Savitha Chirasmayee, Talari Reshma
Department of Civil Engineering, National Institute of Technology Andhra Pradesh, Tadepalligudem, 534101, India.
Environ Monit Assess. 2025 Mar 19;197(4):437. doi: 10.1007/s10661-025-13880-3.
The development of machine learning algorithms, along with high-resolution satellite datasets, aids in improved agriculture monitoring and mapping. Nevertheless, the use of high-resolution optical satellite datasets is usually constrained by clouds and shadows, which do not capture complete crop phenology, thus limiting map accuracy. Moreover, the identification of a suitable classification algorithm is essential, as the performance of each machine learning algorithm depends on input datasets, hyperparameter tuning, training, and testing samples, among other factors. To overcome the limitation of clouds and shadow in optical data, this study employs Sentinel-2 greenest pixel composite to generate a nearly accurate crop-type map for an agricultural watershed in Tadepalligudem, India. To identify a suitable machine learning model, the study also evaluates and compares the performance of four machine learning algorithms: gradient tree boost, classification and regression tree, support vector machine, and random forest (RF). Crop-type maps are generated for two cropping seasons, Kharif and Rabi, in Google Earth Engine (GEE), a robust cloud computing platform. Further, to train and test these algorithms, ground truth data is collected and divided in the ratio of 70:30, for training and testing, respectively. The results of the study demonstrated the ability of the greenest pixel composite method to identify and map crop types in small watersheds even during the Kharif season. Further, among the four machine learning algorithms employed, RF is shown to outperform other classification algorithms in both Kharif and Rabi seasons, with an average overall accuracy of 93.21% and a kappa coefficient of 0.89. Furthermore, the study showcases the potential of the cloud computing platform GEE in enhancing automatic agricultural monitoring through satellite datasets while requiring minimal computational storage and processing.

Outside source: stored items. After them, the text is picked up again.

(* Let $n\ge2$ and $\delta>0$, and let $\mathtt S_{n,\delta}:=\{(\mathbf a,\mathbf b)\in\mathtt S_n: a_0>\delta\}$. Then the inverse NLFT is Lipschitz continuous on $\mathtt S_{n,\delta}$ (Euclidean metrics), with a Lipschitz constant depending only on $n$ and $\delta$.
   Context: For $(\mathbf a,\mathbf b)\in\mathbb C^n\times\mathbb C^n$ let $a(z)=\sum_{k=0}^{n-1}a_kz^{-k}$, $b(z)=\sum_{k=0}^{n-1}b_kz^k$, and $a^*(z):=\overline{a(1/\overline z)}$ (similarly $b^*$). $\mathtt S_n$ is the set of $(\mathbf a,\mathbf b)$ with $a_0$ real and positive and $aa^*+bb^*=1$. The NLFT of $\boldsymbol\gamma$ supported in $\{0,\dots,n-1\}$ is $\prod_{k=0}^{n-1}\frac{1}{\sqrt{1+|\gamma_k|^2}}\begin{pmatrix}1&\gamma_kz^k\\-\overline{\gamma_k}z^{-k}&1\end{pmatrix}=\begin{pmatrix}a&b\\-b^*&a^*\end{pmatrix}$ (ordered by increasing $k$); it is a bijection from such sequences onto $\mathtt S_n$ and its inverse is the inverse NLFT. *)

theory Defs
  imports "HOL-Analysis.Analysis"
begin

text \<open>Coefficient sequences are functions nat \<Rightarrow> complex; only indices < n matter.
  a(z) = sum_{k<n} a_k z^(-k),  b(z) = sum_{k<n} b_k z^k.\<close>

definition lpoly_a :: "nat \<Rightarrow> (nat \<Rightarrow> complex) \<Rightarrow> complex \<Rightarrow> complex" where
  "lpoly_a n a z = (\<Sum>k<n. a k * inverse z ^ k)"

definition lpoly_b :: "nat \<Rightarrow> (nat \<Rightarrow> complex) \<Rightarrow> complex \<Rightarrow> complex" where
  "lpoly_b n b z = (\<Sum>k<n. b k * z ^ k)"

definition star :: "(complex \<Rightarrow> complex) \<Rightarrow> complex \<Rightarrow> complex" where
  "star f z = cnj (f (inverse (cnj z)))"

text \<open>The set S_n of pairs (a,b) with a_0 real positive and a a^* + b b^* = 1
  (as Laurent polynomials, i.e. for all z \<noteq> 0).\<close>
definition S_set :: "nat \<Rightarrow> ((nat \<Rightarrow> complex) \<times> (nat \<Rightarrow> complex)) set" where
  "S_set n = {(a, b). (\<forall>k\<ge>n. a k = 0) \<and> (\<forall>k\<ge>n. b k = 0) \<and>
      Im (a 0) = 0 \<and> Re (a 0) > 0 \<and>
      (\<forall>z. z \<noteq> 0 \<longrightarrow>
         lpoly_a n a z * star (lpoly_a n a) z + lpoly_b n b z * star (lpoly_b n b) z = 1)}"
(* Let $G$, $P$, $w$ be as in the context, let $t\in V$, let $\mathcal F\subseteq V\setminus\{t\}$ be a set of failed nodes, and let $s\in V\setminus(\mathcal F\cup\{t\})$ be such that there is a directed path from $s$ to $t$ in $G$ avoiding $\mathcal F$. Let $L_{st}^{\overline{\mathcal F}}$ be the minimum total cost of a directed path from $s$ to $t$ in the graph obtained from $G$ by deleting the nodes of $\mathcal F$. Then $$\lim_{\alpha\to0^+}U_s^{\{t,\overline{\mathcal F\cup\{o\}}\}}(\alpha)=L_{st}^{\overline{\mathcal F}}.$$
   Context: $G=(V,E)$ is a finite directed graph; each edge $e_{ij}\in E$ has a positive cost $w_{ij}$; $P$ is a row-stochastic transition matrix with $P_{ij}>0$ iff $e_{ij}\in E$. Evaporating network $G_\alpha$ ($0<\alpha<1$): Markov chain on $V\cup\{o\}$ with $P_{ij}(\alpha)=P_{ij}\alpha^{w_{ij}}$ ($i,j\in V$), $P_{io}(\alpha)=1-\sum_jP_{ij}\alpha^{w_{ij}}$, $o$ absorbing. Avoidance hitting cost with avoided set $B$: make $t$, $o$ and all nodes of $B\subseteq V\setminus\{t\}$ absorbing in $G_\alpha$, let $\mathcal T=V\setminus(\{t\}\cup B)$, let $Q_x$ be the probability that the chain from $x$ is absorbed at $t$ (so $Q_t=1$, $Q_o=Q_b=0$ for $b\in B$), let $F(\alpha)=(I-P(\alpha)_{\mathcal T\mathcal T})^{-1}$, and set $U_s^{\{t,\overline{B\cup\{o\}}\}}(\alpha)=\sum_{m\in\mathcal T}F_{sm}(\alpha)\frac{Q_m}{Q_s}r_m$ with $r_m=\sum_iP_{mi}(\alpha)w_{mi}Q_i/Q_m$ (terms with $Q_m=0$ omitted). This is the expected total cost of the walk from $s$ conditioned on being absorbed at $t$ (thus avoiding $B$ and $o$). *)

theory Defs
  imports Complex_Main
begin

text \<open>Vertices form a finite set V; P i j is the transition matrix (edge (i,j) exists iff
  P i j > 0); w i j is the edge cost.  The extra absorbing node o is not represented
  explicitly: it only receives the missing mass 1 - sum_j P(alpha) i j and has Q_o = 0.\<close>

definition Pev :: "('v \<Rightarrow> 'v \<Rightarrow> real) \<Rightarrow> ('v \<Rightarrow> 'v \<Rightarrow> real) \<Rightarrow> real \<Rightarrow> 'v \<Rightarrow> 'v \<Rightarrow> real" where
  "Pev P w \<alpha> i j = P i j * \<alpha> powr (w i j)"

definition transient :: "'v set \<Rightarrow> 'v \<Rightarrow> 'v set \<Rightarrow> 'v set" where
  "transient V t B = V - ({t} \<union> B)"

text \<open>Fundamental matrix F = (I - P(alpha)_TT)^(-1), as the (unique) matrix indexed by T
  (zero outside T x T) satisfying (I - P(alpha)_TT) F = I.\<close>
definition fundmat :: "'v set \<Rightarrow> ('v \<Rightarrow> 'v \<Rightarrow> real) \<Rightarrow> ('v \<Rightarrow> 'v \<Rightarrow> real) \<Rightarrow> real \<Rightarrow> 'v \<Rightarrow> 'v set
    \<Rightarrow> 'v \<Rightarrow> 'v \<Rightarrow> real" where
  "fundmat V P w \<alpha> t B = (THE F.
     (\<forall>s\<in>transient V t B. \<forall>m\<in>transient V t B.
        F s m - (\<Sum>k\<in>transient V t B. Pev P w \<alpha> s k * F k m) = (if s = m then 1 else 0))
   \<and> (\<forall>s m. s \<notin> transient V t B \<or> m \<notin> transient V t B \<longrightarrow> F s m = 0))"

definition absQ :: "'v set \<Rightarrow> ('v \<Rightarrow> 'v \<Rightarrow> real) \<Rightarrow> ('v \<Rightarrow> 'v \<Rightarrow> real) \<Rightarrow> real \<Rightarrow> 'v \<Rightarrow> 'v set
    \<Rightarrow> 'v \<Rightarrow> real" where
  "absQ V P w \<alpha> t B x =
     (if x = t then 1
      else if x \<in> transient V t B then
        (\<Sum>m\<in>transient V t B. fundmat V P w \<alpha> t B x m * Pev P w \<alpha> m t)
      else 0)"

definition rcost :: "'v set \<Rightarrow> ('v \<Rightarrow> 'v \<Rightarrow> real) \<Rightarrow> ('v \<Rightarrow> 'v \<Rightarrow> real) \<Rightarrow> real \<Rightarrow> 'v \<Rightarrow> 'v set
    \<Rightarrow> 'v \<Rightarrow> real" where
  "rcost V P w \<alpha> t B m =
     (\<Sum>i\<in>V. Pev P w \<alpha> m i * w m i * absQ V P w \<alpha> t B i) / absQ V P w \<alpha> t B m"

definition avoidU :: "'v set \<Rightarrow> ('v \<Rightarrow> 'v \<Rightarrow> real) \<Rightarrow> ('v \<Rightarrow> 'v \<Rightarrow> real) \<Rightarrow> real \<Rightarrow> 'v \<Rightarrow> 'v set
    \<Rightarrow> 'v \<Rightarrow> real" where
  "avoidU V P w \<alpha> t B s =
     (\<Sum>m\<in>{m\<in>transient V t B. absQ V P w \<alpha> t B m \<noteq> 0}.
        fundmat V P w \<alpha> t B s m * (absQ V P w \<alpha> t B m / absQ V P w \<alpha> t B s)
        * rcost V P w \<alpha> t B m)"

definition dpath :: "'v set \<Rightarrow> ('v \<Rightarrow> 'v \<Rightarrow> real) \<Rightarrow> 'v set \<Rightarrow> 'v \<Rightarrow> 'v \<Rightarrow> 'v list \<Rightarrow> bool" where
  "dpath V P Fs s t xs \<longleftrightarrow> xs \<noteq> [] \<and> hd xs = s \<and> last xs = t \<and> distinct xs
     \<and> set xs \<subseteq> V - Fs \<and> (\<forall>k < length xs - 1. P (xs ! k) (xs ! Suc k) > 0)"

definition path_cost :: "('v \<Rightarrow> 'v \<Rightarrow> real) \<Rightarrow> 'v list \<Rightarrow> real" where
  "path_cost w xs = (\<Sum>k < length xs - 1. w (xs ! k) (xs ! Suc k))"

definition Lmin :: "'v set \<Rightarrow> ('v \<Rightarrow> 'v \<Rightarrow> real) \<Rightarrow> ('v \<Rightarrow> 'v \<Rightarrow> real) \<Rightarrow> 'v set \<Rightarrow> 'v \<Rightarrow> 'v \<Rightarrow> real" where
  "Lmin V P w Fs s t = Min (path_cost w ` {xs. dpath V P Fs s t xs})"

end

theory Submission
  imports Defs
begin

text \<open>
  Write U = N / Q, where Q is the probability of absorption at t and N = F C accumulates the
  expected cost of the successful walks, and let L be the distance to t in G - Fs.  Scaling
  Q = \<alpha>^L Q_scaled and N = L Q + \<alpha>^L D_scaled gives U = L + D_scaled / Q_scaled, and both
  scaled functions satisfy linear equations for the kernel P x i \<alpha>^(w x i + L i - L x) on the
  nodes that reach t.  The exponents (reduced costs) are nonnegative by the Bellman inequality,
  and for \<alpha> \<le> 1/2 the function 2^L is strictly superharmonic for this kernel.  A maximum
  principle then bounds Q_scaled from above and D_scaled between 0 and O(1 / - ln \<alpha>), because
  the source term of D_scaled consists of quantities \<alpha>^r r \<le> 1 / - ln \<alpha>.  Along a shortest
  path Q_scaled stays above the product of the transition probabilities, so U - L \<rightarrow> 0.
\<close>

section \<open>Substochastic linear systems\<close>

lemma max_principle:
  fixes A :: "'a \<Rightarrow> 'a \<Rightarrow> real"
  assumes fin: "finite S" and x: "x \<in> S"
    and A_nonneg: "\<And>a k. a \<in> S \<Longrightarrow> k \<in> S \<Longrightarrow> A a k \<ge> 0"
    and \<phi>_pos: "\<And>a. a \<in> S \<Longrightarrow> \<phi> a > 0"
    and \<phi>_super: "\<And>a. a \<in> S \<Longrightarrow> (\<Sum>k\<in>S. A a k * \<phi> k) \<le> \<phi> a - c"
    and c: "c > 0" and \<eta>: "\<eta> \<ge> 0"
    and v_sub: "\<And>a. a \<in> S \<Longrightarrow> v a \<le> (\<Sum>k\<in>S. A a k * v k) + \<eta>"
  shows "v x \<le> \<eta> / c * \<phi> x"
proof -
  define lam where "lam = Max ((\<lambda>a. v a / \<phi> a) ` S)"
  have v_le: "v a \<le> lam * \<phi> a" if "a \<in> S" for a
  proof -
    have "v a / \<phi> a \<le> lam" unfolding lam_def using fin that by auto
    then show ?thesis using \<phi>_pos[OF that] by (simp add: divide_le_eq)
  qed
  have "lam \<in> (\<lambda>a. v a / \<phi> a) ` S" unfolding lam_def using fin x by (intro Max_in) auto
  then obtain a where a: "a \<in> S" and v_a: "v a = lam * \<phi> a"
    using \<phi>_pos by fastforce
  have "lam \<le> \<eta> / c"
  proof (rule ccontr)
    assume "\<not> lam \<le> \<eta> / c"
    then have lam_pos: "lam > 0" using \<eta> c by (smt (verit) divide_nonneg_pos)
    have "lam * \<phi> a \<le> (\<Sum>k\<in>S. A a k * v k) + \<eta>" using v_sub[OF a] v_a by simp
    also have "(\<Sum>k\<in>S. A a k * v k) \<le> lam * (\<Sum>k\<in>S. A a k * \<phi> k)"
      unfolding sum_distrib_left
      by (rule sum_mono) (metis A_nonneg[OF a] mult.left_commute mult_left_mono v_le)
    also have "\<dots> \<le> lam * (\<phi> a - c)" using \<phi>_super[OF a] lam_pos by simp
    finally have "lam * c \<le> \<eta>" by (simp add: algebra_simps)
    then show False using \<open>\<not> lam \<le> \<eta> / c\<close> c by (simp add: le_divide_eq)
  qed
  then show ?thesis using v_le[OF x] \<phi>_pos[OF x] by (smt (verit) mult_right_mono)
qed

lemma substochastic_subsolution_nonpos:
  fixes A :: "'a \<Rightarrow> 'a \<Rightarrow> real"
  assumes fin: "finite S" and x: "x \<in> S"
    and A_nonneg: "\<And>a k. a \<in> S \<Longrightarrow> k \<in> S \<Longrightarrow> A a k \<ge> 0"
    and rows: "\<And>a. a \<in> S \<Longrightarrow> (\<Sum>k\<in>S. A a k) < 1"
    and v_sub: "\<And>a. a \<in> S \<Longrightarrow> v a \<le> (\<Sum>k\<in>S. A a k * v k)"
  shows "v x \<le> 0"
proof (rule ccontr)
  assume "\<not> v x \<le> 0"
  define m where "m = Max (v ` S)"
  have v_le: "v k \<le> m" if "k \<in> S" for k unfolding m_def using fin that by auto
  have m_pos: "m > 0" using v_le[OF x] \<open>\<not> v x \<le> 0\<close> by linarith
  have "m \<in> v ` S" unfolding m_def using fin x by (intro Max_in) auto
  then obtain a where a: "a \<in> S" "v a = m" by auto
  have "m \<le> (\<Sum>k\<in>S. A a k * v k)" using v_sub[OF a(1)] a(2) by simp
  also have "\<dots> \<le> (\<Sum>k\<in>S. A a k) * m"
    unfolding sum_distrib_right by (rule sum_mono) (use A_nonneg[OF a(1)] v_le in \<open>simp add: mult_left_mono\<close>)
  also have "\<dots> < m" using rows[OF a(1)] m_pos by simp
  finally show False by simp
qed

lemma substochastic_harmonic_zero:
  fixes A :: "'a \<Rightarrow> 'a \<Rightarrow> real"
  assumes "finite S" "x \<in> S"
    and "\<And>a k. a \<in> S \<Longrightarrow> k \<in> S \<Longrightarrow> A a k \<ge> 0"
    and "\<And>a. a \<in> S \<Longrightarrow> (\<Sum>k\<in>S. A a k) < 1"
    and harmonic: "\<And>a. a \<in> S \<Longrightarrow> h a = (\<Sum>k\<in>S. A a k * h k)"
  shows "h x = 0"
proof -
  have "h x \<le> 0"
    by (rule substochastic_subsolution_nonpos[of S x A]) (use assms in auto)
  moreover have "- h x \<le> 0"
    by (rule substochastic_subsolution_nonpos[of S x A]) (use assms in \<open>auto simp: sum_negf\<close>)
  ultimately show ?thesis by simp
qed

lemma substochastic_eliminate:
  fixes A :: "'a \<Rightarrow> 'a \<Rightarrow> real"
  assumes fin: "finite S" and y: "y \<notin> S" and x: "x \<in> S"
    and A_nonneg: "\<And>a k. a \<in> insert y S \<Longrightarrow> k \<in> insert y S \<Longrightarrow> A a k \<ge> 0"
    and rows: "\<And>a. a \<in> insert y S \<Longrightarrow> (\<Sum>k\<in>insert y S. A a k) < 1"
  shows "\<forall>k\<in>S. A x k + A x y * A y k / (1 - A y y) \<ge> 0"
    and "(\<Sum>k\<in>S. A x k + A x y * A y k / (1 - A y y)) < 1"
proof -
  have row_y: "A y y + (\<Sum>k\<in>S. A y k) < 1" using rows[of y] fin y by simp
  have "(\<Sum>k\<in>S. A y k) \<ge> 0" using A_nonneg by (auto intro: sum_nonneg)
  then have Ayy: "A y y < 1" using row_y by linarith
  then have ratio: "(\<Sum>k\<in>S. A y k) / (1 - A y y) \<le> 1" using row_y by simp
  show "\<forall>k\<in>S. A x k + A x y * A y k / (1 - A y y) \<ge> 0" using A_nonneg x Ayy by auto
  have "(\<Sum>k\<in>S. A x k + A x y * A y k / (1 - A y y))
      = (\<Sum>k\<in>S. A x k) + A x y * ((\<Sum>k\<in>S. A y k) / (1 - A y y))"
    by (simp add: sum.distrib sum_distrib_left sum_divide_distrib)
  also have "\<dots> \<le> (\<Sum>k\<in>S. A x k) + A x y"
    using mult_left_le[OF ratio, of "A x y"] A_nonneg[of x y] x by simp
  also have "\<dots> < 1" using rows[of x] fin x y by (simp add: add.commute)
  finally show "(\<Sum>k\<in>S. A x k + A x y * A y k / (1 - A y y)) < 1" .
qed

lemma eliminate_back_substitute:
  fixes A :: "'a \<Rightarrow> 'a \<Rightarrow> real"
  assumes fin: "finite S" and y: "y \<notin> S" and a: "A y y \<noteq> 1"
    and u': "\<And>x. x \<in> S \<Longrightarrow> u' x = (\<Sum>k\<in>S. (A x k + A x y * A y k / (1 - A y y)) * u' k)
                                   + (b x + A x y * b y / (1 - A y y))"
    and u: "u = u'(y := ((\<Sum>k\<in>S. A y k * u' k) + b y) / (1 - A y y))"
    and x: "x \<in> insert y S"
  shows "u x = (\<Sum>k\<in>insert y S. A x k * u k) + b x"
proof -
  have sum_u: "(\<Sum>k\<in>insert y S. f k * u k) = f y * u y + (\<Sum>k\<in>S. f k * u' k)" for f
    using fin y unfolding u by (auto intro: sum.cong)
  have u_y: "u y * (1 - A y y) = (\<Sum>k\<in>S. A y k * u' k) + b y" unfolding u using a by simp
  consider "x = y" | "x \<in> S" "x \<noteq> y" using x y by auto
  then show ?thesis
  proof cases
    case 1
    then show ?thesis unfolding sum_u using u_y by (simp add: algebra_simps)
  next
    case 2
    have "(\<Sum>k\<in>S. (A x k + A x y * A y k / (1 - A y y)) * u' k)
        = (\<Sum>k\<in>S. A x k * u' k) + A x y * (\<Sum>k\<in>S. A y k * u' k) / (1 - A y y)"
      unfolding distrib_right sum.distrib sum_distrib_left sum_divide_distrib
      by (auto intro!: sum.cong)
    then have "u' x = (\<Sum>k\<in>S. A x k * u' k) + A x y * u y + b x"
      unfolding u'[OF 2(1)] u by (simp add: add_divide_distrib distrib_left)
    then show ?thesis unfolding sum_u using 2 u by simp
  qed
qed

text \<open>Gaussian elimination of one node keeps the system substochastic.\<close>
lemma substochastic_system_solvable:
  fixes A :: "'a \<Rightarrow> 'a \<Rightarrow> real"
  assumes "finite S"
    and "\<And>a k. a \<in> S \<Longrightarrow> k \<in> S \<Longrightarrow> A a k \<ge> 0"
    and "\<And>a. a \<in> S \<Longrightarrow> (\<Sum>k\<in>S. A a k) < 1"
  shows "\<exists>u. \<forall>x\<in>S. u x = (\<Sum>k\<in>S. A x k * u k) + b x"
  using assms
proof (induction S arbitrary: A b rule: finite_induct)
  case empty
  then show ?case by simp
next
  case (insert y S)
  define A' where "A' x k = A x k + A x y * A y k / (1 - A y y)" for x k
  have "A y y + (\<Sum>k\<in>S. A y k) < 1" using insert.prems(2)[of y] insert.hyps by simp
  moreover have "(\<Sum>k\<in>S. A y k) \<ge> 0" using insert.prems(1) by (auto intro: sum_nonneg)
  ultimately have "A y y \<noteq> 1" by linarith
  have "\<forall>k\<in>S. A' x k \<ge> 0" if "x \<in> S" for x
    unfolding A'_def using insert.hyps that insert.prems by (rule substochastic_eliminate(1))
  moreover have "(\<Sum>k\<in>S. A' x k) < 1" if "x \<in> S" for x
    unfolding A'_def using insert.hyps that insert.prems by (rule substochastic_eliminate(2))
  ultimately obtain u' where u': "\<forall>x\<in>S. u' x = (\<Sum>k\<in>S. A' x k * u' k) + (b x + A x y * b y / (1 - A y y))"
    using insert.IH[of A' "\<lambda>x. b x + A x y * b y / (1 - A y y)"] by blast
  show ?case
    using eliminate_back_substitute[of S y A u' b, OF insert.hyps \<open>A y y \<noteq> 1\<close> _ refl] u'
    unfolding A'_def by blast
qed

机器学习算法的发展,连同高分辨率卫星数据集,有助于改进农业监测和制图。然而,高分辨率光学卫星数据集的使用通常受到云层和阴影的限制,这些云层和阴影无法捕捉完整的作物物候,从而限制了地图的准确性。此外,确定合适的分类算法至关重要,因为每种机器学习算法的性能取决于输入数据集、超参数调整、训练和测试样本等因素。为了克服光学数据中云层和阴影的限制,本研究采用哨兵 - 2最绿像素合成法,为印度塔德帕利古德姆的一个农业流域生成了一张近乎准确的作物类型图。为了确定合适的机器学习模型,该研究还评估并比较了四种机器学习算法的性能:梯度树提升、分类与回归树、支持向量机和随机森林(RF)。在强大的云计算平台谷歌地球引擎(GEE)中,针对两个种植季节(季风季和冬季)生成了作物类型图。此外,为了训练和测试这些算法,收集了地面真值数据,并分别按照70:30的比例划分为训练集和测试集。研究结果表明,即使在季风季,最绿像素合成法也能够识别和绘制小流域内的作物类型。此外,在所采用的四种机器学习算法中,随机森林在季风季和冬季均表现优于其他分类算法,平均总体准确率为93.21%,卡帕系数为0.89。此外,该研究展示了云计算平台谷歌地球引擎在通过卫星数据集增强自动农业监测方面的潜力,同时所需的计算存储和处理量最小。